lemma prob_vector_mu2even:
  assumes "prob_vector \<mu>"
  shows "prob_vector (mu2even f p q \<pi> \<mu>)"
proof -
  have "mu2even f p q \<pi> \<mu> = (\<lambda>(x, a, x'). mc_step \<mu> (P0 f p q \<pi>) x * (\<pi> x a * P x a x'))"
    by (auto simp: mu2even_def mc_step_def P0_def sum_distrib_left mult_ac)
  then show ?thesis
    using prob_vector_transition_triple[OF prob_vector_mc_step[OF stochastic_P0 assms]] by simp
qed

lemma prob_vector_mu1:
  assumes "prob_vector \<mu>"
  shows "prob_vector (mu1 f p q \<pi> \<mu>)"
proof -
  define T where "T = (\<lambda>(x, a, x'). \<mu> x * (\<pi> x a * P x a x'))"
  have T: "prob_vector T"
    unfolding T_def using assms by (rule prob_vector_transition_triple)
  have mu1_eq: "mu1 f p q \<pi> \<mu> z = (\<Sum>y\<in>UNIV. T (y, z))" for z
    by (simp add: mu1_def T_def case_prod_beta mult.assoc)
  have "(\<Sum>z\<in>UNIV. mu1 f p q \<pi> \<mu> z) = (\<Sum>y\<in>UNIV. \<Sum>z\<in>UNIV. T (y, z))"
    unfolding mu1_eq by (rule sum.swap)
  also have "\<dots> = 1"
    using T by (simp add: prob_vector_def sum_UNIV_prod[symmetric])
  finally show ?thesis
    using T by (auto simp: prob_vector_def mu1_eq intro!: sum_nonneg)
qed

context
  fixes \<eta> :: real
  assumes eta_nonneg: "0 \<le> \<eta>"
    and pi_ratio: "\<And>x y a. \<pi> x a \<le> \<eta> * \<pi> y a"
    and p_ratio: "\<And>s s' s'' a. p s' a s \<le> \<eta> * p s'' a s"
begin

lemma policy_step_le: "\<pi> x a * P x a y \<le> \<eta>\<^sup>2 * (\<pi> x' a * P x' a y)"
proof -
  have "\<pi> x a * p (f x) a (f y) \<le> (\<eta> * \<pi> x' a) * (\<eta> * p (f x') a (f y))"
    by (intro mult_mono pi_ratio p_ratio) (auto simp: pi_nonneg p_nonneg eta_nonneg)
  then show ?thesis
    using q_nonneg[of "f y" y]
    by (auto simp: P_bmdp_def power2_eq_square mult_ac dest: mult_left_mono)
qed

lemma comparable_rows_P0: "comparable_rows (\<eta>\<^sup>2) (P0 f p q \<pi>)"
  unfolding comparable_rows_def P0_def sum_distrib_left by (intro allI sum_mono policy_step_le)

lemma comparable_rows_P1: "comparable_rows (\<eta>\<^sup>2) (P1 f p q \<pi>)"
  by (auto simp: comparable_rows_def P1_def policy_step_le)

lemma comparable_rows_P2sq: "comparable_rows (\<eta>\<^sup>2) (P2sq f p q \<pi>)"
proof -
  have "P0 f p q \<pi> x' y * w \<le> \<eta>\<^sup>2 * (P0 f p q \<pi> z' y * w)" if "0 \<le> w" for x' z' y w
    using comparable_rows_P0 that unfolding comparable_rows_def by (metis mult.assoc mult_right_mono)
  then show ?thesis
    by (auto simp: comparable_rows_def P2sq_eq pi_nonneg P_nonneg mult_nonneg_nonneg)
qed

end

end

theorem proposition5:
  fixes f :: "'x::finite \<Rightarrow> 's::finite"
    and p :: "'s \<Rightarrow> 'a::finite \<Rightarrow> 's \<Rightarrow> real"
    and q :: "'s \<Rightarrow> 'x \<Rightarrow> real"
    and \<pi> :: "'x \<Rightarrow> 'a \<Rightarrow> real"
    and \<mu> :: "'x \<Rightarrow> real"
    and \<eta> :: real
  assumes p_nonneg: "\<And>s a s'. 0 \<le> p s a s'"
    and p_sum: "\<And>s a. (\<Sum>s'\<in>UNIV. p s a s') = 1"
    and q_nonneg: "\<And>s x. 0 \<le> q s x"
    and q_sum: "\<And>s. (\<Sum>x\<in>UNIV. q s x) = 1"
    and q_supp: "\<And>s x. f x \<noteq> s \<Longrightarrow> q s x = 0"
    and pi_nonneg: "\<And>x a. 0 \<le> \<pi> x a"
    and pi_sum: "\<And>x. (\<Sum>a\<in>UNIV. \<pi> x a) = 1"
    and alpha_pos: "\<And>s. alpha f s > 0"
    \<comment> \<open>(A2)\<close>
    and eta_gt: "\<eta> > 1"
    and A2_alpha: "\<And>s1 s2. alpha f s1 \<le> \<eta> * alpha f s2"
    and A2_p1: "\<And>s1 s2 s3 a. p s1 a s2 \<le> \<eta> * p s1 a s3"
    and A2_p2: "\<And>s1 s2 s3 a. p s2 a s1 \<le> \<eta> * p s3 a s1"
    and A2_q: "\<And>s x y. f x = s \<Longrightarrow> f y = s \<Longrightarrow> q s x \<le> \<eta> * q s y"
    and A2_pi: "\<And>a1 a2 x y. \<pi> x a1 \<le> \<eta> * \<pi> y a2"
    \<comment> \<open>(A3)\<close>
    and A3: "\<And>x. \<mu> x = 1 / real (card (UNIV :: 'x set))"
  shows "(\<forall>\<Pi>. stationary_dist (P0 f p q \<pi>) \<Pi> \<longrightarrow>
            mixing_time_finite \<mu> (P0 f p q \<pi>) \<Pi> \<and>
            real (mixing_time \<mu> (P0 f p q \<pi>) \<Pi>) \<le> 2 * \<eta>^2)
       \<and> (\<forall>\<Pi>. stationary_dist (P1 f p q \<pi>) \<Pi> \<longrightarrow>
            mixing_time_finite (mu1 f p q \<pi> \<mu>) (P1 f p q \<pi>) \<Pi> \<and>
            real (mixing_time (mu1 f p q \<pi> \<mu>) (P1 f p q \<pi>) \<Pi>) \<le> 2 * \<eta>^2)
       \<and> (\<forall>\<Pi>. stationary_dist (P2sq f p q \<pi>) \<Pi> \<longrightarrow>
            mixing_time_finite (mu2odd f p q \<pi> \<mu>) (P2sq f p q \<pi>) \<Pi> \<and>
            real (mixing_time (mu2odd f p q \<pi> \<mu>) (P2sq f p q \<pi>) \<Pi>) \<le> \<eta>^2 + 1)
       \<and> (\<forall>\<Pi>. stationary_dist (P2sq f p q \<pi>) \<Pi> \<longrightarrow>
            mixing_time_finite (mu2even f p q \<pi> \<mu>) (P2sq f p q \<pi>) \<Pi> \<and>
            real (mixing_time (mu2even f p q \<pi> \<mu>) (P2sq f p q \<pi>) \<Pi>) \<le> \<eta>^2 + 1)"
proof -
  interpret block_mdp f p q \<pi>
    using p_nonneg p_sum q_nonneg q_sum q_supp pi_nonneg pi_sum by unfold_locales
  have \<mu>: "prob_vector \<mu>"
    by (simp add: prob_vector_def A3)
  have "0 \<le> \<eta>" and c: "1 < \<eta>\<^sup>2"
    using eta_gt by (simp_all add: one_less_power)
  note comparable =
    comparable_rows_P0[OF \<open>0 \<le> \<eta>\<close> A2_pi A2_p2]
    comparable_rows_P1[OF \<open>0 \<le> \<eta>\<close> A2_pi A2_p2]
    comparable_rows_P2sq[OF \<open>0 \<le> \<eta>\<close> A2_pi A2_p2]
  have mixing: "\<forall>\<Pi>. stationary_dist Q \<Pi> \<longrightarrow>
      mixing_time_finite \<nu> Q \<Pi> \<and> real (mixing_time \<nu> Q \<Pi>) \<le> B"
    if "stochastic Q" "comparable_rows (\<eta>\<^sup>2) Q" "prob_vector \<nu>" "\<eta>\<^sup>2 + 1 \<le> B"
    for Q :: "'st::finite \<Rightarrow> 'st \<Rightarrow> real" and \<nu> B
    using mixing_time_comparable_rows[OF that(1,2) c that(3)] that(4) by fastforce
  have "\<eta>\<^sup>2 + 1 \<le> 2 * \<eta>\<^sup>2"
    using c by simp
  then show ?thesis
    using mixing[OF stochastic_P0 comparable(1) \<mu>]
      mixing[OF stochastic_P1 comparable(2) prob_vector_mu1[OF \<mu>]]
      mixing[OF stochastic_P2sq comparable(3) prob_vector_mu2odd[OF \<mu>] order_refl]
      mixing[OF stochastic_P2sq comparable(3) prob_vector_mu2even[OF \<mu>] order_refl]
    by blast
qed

========================

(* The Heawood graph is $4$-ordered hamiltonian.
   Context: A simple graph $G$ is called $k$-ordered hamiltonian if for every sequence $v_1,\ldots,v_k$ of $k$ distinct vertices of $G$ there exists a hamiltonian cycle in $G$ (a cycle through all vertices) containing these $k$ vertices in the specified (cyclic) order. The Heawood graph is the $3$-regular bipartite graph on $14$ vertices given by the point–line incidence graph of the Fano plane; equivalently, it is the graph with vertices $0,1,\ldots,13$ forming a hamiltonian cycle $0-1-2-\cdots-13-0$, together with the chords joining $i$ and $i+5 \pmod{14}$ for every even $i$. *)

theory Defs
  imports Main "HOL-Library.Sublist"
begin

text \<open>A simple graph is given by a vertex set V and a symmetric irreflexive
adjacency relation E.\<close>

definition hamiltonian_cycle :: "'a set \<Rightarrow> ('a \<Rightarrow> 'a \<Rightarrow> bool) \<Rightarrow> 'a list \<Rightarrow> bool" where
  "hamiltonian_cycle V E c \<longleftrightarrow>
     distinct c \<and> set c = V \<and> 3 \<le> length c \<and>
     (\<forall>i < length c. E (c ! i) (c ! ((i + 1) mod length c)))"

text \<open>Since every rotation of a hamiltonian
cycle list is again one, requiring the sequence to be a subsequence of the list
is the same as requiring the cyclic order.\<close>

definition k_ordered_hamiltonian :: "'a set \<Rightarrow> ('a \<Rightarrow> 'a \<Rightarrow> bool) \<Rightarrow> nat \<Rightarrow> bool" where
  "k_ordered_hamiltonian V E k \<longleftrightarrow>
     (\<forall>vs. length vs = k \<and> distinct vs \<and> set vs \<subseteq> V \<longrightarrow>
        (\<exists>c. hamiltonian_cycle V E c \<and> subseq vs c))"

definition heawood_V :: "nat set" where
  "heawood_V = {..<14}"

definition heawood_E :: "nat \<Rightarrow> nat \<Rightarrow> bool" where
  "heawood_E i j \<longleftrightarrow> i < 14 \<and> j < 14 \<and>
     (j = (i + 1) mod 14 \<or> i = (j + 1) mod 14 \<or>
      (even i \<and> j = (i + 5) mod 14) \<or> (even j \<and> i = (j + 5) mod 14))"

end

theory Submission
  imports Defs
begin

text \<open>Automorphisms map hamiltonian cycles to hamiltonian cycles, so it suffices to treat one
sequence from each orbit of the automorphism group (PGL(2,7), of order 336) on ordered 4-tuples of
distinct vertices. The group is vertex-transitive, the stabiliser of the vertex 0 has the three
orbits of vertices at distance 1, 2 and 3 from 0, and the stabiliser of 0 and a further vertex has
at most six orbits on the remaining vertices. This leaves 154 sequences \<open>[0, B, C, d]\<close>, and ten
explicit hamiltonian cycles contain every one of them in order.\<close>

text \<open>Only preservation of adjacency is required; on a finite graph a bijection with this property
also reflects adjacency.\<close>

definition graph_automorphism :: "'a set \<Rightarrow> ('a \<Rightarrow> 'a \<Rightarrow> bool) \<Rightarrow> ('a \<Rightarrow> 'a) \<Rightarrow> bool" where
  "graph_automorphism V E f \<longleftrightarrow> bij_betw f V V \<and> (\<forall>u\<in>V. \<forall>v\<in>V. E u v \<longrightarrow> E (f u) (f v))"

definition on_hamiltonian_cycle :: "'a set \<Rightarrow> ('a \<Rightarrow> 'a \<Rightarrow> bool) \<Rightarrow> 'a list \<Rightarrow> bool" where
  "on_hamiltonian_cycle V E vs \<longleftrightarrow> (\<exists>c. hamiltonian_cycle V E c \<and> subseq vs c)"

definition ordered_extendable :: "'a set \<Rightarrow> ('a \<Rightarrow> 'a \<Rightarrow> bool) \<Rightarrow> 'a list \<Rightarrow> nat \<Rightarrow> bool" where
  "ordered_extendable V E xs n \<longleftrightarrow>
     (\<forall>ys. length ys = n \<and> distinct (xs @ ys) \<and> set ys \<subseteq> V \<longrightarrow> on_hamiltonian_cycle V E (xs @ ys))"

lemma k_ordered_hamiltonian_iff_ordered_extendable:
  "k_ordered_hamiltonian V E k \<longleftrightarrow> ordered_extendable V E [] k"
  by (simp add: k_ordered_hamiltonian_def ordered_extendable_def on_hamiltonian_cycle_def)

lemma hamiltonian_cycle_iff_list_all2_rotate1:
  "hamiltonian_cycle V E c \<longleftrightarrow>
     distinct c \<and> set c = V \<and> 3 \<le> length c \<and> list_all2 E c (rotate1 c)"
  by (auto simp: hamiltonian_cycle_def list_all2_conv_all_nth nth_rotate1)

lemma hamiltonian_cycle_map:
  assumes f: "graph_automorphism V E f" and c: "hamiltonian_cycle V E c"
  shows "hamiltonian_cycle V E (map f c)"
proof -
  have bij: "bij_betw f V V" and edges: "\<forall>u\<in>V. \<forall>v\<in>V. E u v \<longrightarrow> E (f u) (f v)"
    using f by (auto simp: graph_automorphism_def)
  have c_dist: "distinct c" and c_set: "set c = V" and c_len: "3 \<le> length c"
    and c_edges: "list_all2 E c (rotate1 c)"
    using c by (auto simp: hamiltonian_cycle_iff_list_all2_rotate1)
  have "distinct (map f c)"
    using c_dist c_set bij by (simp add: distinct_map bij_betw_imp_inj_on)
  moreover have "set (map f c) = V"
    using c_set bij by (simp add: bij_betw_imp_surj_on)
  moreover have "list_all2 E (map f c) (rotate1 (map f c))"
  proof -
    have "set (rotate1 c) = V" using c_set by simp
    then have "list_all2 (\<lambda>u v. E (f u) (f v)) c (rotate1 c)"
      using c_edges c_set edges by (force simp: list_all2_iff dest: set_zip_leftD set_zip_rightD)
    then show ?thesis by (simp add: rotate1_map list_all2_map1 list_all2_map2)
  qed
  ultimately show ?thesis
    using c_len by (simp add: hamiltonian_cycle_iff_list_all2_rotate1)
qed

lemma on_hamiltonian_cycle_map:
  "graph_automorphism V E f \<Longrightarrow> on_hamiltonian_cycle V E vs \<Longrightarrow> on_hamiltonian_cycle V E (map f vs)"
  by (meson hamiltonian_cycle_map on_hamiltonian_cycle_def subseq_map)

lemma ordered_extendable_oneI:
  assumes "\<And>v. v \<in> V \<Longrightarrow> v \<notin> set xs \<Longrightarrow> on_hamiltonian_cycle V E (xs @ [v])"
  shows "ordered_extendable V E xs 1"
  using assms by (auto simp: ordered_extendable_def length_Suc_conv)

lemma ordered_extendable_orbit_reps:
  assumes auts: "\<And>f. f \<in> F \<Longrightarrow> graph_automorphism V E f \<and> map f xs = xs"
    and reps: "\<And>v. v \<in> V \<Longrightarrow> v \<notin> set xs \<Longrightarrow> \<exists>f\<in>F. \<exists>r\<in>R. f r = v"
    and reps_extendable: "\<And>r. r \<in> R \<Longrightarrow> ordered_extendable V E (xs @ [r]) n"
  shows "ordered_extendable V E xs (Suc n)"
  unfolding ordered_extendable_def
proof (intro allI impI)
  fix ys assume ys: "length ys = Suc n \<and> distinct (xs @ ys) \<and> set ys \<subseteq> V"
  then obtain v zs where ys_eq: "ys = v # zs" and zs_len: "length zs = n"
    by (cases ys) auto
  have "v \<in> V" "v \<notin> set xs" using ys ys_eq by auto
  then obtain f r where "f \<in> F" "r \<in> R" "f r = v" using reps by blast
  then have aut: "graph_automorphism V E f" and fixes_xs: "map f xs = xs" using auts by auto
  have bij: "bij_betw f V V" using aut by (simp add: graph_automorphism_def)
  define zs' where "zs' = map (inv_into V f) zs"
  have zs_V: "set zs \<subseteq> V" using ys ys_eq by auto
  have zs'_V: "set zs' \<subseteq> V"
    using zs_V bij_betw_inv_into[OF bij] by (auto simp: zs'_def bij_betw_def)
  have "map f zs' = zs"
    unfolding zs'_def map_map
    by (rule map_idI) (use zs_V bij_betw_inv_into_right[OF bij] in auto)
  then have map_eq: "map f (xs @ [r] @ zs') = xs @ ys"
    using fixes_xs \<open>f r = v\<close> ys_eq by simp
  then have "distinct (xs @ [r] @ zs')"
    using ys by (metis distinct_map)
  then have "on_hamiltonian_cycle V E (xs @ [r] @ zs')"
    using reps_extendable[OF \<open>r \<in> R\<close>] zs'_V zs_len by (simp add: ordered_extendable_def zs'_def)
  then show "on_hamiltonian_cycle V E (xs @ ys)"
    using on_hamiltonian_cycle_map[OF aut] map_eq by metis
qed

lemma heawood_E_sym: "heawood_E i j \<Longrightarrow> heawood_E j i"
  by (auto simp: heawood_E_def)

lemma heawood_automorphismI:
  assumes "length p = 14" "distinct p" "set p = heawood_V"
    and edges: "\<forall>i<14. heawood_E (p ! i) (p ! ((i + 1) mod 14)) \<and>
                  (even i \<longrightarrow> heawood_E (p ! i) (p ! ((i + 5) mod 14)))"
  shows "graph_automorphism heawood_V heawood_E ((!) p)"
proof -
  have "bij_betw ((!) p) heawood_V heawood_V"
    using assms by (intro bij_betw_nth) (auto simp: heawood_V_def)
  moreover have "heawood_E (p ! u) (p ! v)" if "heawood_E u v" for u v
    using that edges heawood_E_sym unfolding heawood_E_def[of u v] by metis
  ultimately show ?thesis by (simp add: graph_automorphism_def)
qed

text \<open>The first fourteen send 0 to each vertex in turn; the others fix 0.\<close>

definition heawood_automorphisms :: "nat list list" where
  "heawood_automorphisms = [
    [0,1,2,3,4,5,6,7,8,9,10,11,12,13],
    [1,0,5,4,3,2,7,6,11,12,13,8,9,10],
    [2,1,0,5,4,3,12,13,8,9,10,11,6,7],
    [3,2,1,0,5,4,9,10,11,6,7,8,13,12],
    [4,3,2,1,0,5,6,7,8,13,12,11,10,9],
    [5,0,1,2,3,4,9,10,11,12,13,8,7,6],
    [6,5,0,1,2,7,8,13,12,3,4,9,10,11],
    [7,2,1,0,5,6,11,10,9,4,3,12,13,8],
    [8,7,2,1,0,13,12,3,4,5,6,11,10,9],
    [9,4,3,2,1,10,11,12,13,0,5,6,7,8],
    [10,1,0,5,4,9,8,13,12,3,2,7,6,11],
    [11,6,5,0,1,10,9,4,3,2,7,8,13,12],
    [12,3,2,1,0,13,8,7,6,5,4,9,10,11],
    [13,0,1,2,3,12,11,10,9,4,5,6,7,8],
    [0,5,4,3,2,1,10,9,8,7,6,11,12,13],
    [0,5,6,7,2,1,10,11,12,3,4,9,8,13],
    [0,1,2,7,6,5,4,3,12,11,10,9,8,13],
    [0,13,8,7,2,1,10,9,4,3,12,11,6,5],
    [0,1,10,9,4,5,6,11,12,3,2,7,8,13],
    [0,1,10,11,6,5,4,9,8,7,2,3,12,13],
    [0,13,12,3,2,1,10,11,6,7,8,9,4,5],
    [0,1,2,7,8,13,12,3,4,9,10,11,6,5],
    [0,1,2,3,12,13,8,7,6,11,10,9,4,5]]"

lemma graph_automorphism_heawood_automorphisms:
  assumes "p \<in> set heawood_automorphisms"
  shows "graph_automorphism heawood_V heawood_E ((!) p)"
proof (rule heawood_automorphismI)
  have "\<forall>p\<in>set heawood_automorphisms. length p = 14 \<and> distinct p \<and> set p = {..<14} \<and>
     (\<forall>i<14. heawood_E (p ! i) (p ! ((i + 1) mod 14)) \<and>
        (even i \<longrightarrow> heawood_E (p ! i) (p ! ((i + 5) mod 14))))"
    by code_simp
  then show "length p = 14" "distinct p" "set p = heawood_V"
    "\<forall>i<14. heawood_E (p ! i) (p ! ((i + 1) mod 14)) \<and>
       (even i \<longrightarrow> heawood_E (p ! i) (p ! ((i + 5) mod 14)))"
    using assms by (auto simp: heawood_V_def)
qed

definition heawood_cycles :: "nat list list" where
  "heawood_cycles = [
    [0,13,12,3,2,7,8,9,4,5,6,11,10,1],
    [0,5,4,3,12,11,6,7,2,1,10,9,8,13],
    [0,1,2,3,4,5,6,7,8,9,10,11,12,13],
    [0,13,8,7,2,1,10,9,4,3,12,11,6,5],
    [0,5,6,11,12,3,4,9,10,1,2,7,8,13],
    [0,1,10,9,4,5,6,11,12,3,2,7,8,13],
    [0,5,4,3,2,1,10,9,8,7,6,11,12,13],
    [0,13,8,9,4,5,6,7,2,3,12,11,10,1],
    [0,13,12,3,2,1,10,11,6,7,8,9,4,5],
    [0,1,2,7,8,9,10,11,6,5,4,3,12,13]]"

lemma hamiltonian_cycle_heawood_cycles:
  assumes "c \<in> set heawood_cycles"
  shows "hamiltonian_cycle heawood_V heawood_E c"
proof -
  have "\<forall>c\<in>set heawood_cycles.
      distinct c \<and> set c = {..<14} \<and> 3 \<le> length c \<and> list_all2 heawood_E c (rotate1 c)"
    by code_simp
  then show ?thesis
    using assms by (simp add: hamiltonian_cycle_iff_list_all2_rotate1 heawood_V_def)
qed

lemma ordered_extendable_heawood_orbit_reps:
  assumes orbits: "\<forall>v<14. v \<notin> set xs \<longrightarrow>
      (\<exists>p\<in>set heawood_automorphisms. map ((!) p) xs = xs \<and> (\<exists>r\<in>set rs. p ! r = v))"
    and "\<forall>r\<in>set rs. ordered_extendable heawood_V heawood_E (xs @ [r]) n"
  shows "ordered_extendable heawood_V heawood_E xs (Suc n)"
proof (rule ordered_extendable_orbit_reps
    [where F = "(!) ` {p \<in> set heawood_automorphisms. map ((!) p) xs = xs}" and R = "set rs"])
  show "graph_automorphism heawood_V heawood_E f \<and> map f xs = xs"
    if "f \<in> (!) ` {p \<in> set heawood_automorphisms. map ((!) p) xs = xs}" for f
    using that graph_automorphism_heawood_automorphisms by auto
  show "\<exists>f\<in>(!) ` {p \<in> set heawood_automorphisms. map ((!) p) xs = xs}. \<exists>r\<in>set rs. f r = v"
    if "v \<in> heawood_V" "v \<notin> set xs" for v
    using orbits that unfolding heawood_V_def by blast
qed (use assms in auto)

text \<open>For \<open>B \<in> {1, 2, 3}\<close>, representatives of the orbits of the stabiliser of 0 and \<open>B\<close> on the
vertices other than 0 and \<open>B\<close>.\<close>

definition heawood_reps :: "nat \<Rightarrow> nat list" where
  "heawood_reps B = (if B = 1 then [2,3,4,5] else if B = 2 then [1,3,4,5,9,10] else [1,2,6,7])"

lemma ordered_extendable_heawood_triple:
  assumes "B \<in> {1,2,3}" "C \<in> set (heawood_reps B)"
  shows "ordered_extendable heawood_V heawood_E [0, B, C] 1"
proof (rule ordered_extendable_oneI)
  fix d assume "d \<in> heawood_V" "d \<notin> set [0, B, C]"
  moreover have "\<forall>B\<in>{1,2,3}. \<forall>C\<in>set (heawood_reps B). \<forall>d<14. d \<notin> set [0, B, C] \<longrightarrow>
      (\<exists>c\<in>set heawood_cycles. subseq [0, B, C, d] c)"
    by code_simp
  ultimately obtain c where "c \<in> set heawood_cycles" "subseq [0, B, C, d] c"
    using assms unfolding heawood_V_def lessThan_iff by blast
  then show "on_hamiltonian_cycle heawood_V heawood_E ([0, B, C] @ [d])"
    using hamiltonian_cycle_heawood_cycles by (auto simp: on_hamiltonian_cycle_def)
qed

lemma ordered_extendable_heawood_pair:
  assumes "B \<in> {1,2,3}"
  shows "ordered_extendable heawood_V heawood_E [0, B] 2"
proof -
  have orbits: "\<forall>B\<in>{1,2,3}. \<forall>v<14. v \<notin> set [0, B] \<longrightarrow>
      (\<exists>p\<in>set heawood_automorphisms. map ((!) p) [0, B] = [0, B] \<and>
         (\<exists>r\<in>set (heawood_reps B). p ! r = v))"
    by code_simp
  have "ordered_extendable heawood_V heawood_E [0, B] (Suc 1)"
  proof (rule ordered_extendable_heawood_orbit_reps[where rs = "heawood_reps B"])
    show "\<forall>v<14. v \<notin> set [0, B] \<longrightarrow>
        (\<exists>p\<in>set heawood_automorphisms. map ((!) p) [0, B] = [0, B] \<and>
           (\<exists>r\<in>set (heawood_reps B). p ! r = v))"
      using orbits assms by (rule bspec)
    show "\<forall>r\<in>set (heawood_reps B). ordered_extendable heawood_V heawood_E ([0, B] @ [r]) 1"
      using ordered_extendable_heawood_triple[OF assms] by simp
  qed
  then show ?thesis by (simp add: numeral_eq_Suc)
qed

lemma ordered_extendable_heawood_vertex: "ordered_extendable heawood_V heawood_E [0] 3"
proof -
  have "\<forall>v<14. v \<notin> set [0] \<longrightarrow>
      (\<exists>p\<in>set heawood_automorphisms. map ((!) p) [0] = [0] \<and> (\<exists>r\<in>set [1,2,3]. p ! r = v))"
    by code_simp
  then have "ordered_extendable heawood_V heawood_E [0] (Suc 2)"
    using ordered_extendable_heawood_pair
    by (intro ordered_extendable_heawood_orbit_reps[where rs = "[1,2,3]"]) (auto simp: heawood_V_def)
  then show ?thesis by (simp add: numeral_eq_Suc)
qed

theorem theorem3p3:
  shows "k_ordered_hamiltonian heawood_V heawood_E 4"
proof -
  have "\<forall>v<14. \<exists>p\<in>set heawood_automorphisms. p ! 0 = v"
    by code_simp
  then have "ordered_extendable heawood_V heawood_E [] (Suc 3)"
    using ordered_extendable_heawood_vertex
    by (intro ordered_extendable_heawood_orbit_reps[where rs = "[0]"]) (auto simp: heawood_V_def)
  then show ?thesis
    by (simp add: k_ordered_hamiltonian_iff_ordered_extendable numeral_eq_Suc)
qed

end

========================

— What is needed —
Write out, from the lines above, only those from the line with "using T by (auto" to the line with "by (auto simp: comparable_rows_def P1_def", exactly as given, including the first and the last.

— Completed task —
    using T by (auto simp: prob_vector_def mu1_eq intro!: sum_nonneg)
qed

context
  fixes \<eta> :: real
  assumes eta_nonneg: "0 \<le> \<eta>"
    and pi_ratio: "\<And>x y a. \<pi> x a \<le> \<eta> * \<pi> y a"
    and p_ratio: "\<And>s s' s'' a. p s' a s \<le> \<eta> * p s'' a s"
begin

lemma policy_step_le: "\<pi> x a * P x a y \<le> \<eta>\<^sup>2 * (\<pi> x' a * P x' a y)"
proof -
  have "\<pi> x a * p (f x) a (f y) \<le> (\<eta> * \<pi> x' a) * (\<eta> * p (f x') a (f y))"
    by (intro mult_mono pi_ratio p_ratio) (auto simp: pi_nonneg p_nonneg eta_nonneg)
  then show ?thesis
    using q_nonneg[of "f y" y]
    by (auto simp: P_bmdp_def power2_eq_square mult_ac dest: mult_left_mono)
qed

lemma comparable_rows_P0: "comparable_rows (\<eta>\<^sup>2) (P0 f p q \<pi>)"
  unfolding comparable_rows_def P0_def sum_distrib_left by (intro allI sum_mono policy_step_le)

lemma comparable_rows_P1: "comparable_rows (\<eta>\<^sup>2) (P1 f p q \<pi>)"
  by (auto simp: comparable_rows_def P1_def policy_step_le)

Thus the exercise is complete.